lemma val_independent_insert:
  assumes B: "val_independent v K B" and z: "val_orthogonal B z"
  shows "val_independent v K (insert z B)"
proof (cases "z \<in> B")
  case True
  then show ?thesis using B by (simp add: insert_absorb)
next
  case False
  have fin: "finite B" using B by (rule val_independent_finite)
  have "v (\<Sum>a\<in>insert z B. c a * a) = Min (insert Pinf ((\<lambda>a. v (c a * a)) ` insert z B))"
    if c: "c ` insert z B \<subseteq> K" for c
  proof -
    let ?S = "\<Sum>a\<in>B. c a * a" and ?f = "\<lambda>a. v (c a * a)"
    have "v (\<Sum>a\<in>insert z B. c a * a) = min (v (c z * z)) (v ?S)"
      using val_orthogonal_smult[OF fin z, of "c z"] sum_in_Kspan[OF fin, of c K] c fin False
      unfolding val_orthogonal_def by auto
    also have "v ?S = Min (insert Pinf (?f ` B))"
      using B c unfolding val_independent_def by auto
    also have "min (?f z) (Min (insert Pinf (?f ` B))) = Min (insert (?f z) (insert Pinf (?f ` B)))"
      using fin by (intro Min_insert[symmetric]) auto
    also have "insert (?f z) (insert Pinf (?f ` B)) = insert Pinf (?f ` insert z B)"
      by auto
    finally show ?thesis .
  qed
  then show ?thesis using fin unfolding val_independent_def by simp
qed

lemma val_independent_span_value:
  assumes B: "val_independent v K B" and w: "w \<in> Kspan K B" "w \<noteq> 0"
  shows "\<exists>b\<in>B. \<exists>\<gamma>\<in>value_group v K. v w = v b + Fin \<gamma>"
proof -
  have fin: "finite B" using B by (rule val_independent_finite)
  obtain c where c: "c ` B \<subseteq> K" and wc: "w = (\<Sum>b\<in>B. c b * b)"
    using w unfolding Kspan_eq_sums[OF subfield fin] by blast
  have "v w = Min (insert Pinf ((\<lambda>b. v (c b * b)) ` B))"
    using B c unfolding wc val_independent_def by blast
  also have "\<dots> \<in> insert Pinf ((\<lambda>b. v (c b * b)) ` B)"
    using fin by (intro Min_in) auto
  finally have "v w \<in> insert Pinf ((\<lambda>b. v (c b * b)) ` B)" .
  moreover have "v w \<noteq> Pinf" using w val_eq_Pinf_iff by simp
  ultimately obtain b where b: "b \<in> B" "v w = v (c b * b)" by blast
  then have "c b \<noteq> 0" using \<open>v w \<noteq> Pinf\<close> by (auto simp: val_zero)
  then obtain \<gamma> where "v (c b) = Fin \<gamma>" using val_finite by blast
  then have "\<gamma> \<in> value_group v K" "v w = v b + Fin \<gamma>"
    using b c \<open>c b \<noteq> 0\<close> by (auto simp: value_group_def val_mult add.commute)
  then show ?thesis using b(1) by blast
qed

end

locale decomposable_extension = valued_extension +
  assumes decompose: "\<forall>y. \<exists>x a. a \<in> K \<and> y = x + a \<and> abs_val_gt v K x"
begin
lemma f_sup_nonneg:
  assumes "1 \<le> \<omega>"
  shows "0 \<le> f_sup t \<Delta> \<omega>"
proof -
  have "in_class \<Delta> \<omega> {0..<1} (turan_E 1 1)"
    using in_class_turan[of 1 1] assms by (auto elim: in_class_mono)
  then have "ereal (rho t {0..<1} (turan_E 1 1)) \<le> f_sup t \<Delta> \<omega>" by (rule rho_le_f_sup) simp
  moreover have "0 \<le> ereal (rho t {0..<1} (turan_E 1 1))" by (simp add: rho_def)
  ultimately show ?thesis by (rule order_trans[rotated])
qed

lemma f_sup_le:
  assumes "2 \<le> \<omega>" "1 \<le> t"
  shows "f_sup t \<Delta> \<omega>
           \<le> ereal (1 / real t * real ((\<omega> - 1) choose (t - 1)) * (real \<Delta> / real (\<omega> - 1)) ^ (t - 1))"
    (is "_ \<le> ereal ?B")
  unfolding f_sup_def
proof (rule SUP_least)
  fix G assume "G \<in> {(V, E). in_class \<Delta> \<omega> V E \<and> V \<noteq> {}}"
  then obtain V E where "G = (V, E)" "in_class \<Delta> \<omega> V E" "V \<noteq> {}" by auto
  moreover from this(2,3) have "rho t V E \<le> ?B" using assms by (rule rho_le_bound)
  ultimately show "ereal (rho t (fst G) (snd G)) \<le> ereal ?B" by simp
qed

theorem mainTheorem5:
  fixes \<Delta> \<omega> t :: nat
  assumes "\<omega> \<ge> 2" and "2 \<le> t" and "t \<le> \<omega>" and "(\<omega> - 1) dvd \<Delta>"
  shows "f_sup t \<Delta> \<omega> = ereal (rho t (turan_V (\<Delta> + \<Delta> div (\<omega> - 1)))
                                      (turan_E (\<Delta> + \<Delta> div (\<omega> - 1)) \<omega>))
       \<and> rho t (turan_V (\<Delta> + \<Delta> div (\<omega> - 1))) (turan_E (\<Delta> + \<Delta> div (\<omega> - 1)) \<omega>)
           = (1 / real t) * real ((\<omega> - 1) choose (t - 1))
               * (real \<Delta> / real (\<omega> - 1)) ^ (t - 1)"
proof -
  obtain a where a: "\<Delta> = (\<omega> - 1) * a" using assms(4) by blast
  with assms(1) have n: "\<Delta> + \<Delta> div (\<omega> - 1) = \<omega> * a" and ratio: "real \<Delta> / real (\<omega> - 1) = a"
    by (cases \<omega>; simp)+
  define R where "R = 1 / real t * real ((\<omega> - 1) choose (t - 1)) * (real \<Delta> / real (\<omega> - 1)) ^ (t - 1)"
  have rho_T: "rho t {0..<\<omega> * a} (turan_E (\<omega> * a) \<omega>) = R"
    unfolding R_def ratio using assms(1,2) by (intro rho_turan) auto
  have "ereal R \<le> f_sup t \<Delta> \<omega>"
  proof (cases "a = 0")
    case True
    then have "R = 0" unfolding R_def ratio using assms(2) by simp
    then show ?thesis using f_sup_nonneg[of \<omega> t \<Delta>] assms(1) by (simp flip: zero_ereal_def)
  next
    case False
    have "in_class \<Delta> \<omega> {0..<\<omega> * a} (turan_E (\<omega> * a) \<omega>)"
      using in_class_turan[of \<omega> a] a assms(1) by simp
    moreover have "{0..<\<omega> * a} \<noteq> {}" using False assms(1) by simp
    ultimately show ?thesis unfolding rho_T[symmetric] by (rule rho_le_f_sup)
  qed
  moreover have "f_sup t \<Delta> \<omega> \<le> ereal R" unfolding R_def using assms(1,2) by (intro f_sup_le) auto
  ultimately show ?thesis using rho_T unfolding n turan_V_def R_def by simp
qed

━━━━━━

**Task brief**:
If a line of the listing above holds the string "lemma", copy it.

**Solution below**:
lemma val_independent_insert:
lemma val_independent_span_value:
lemma f_sup_nonneg:
lemma f_sup_le:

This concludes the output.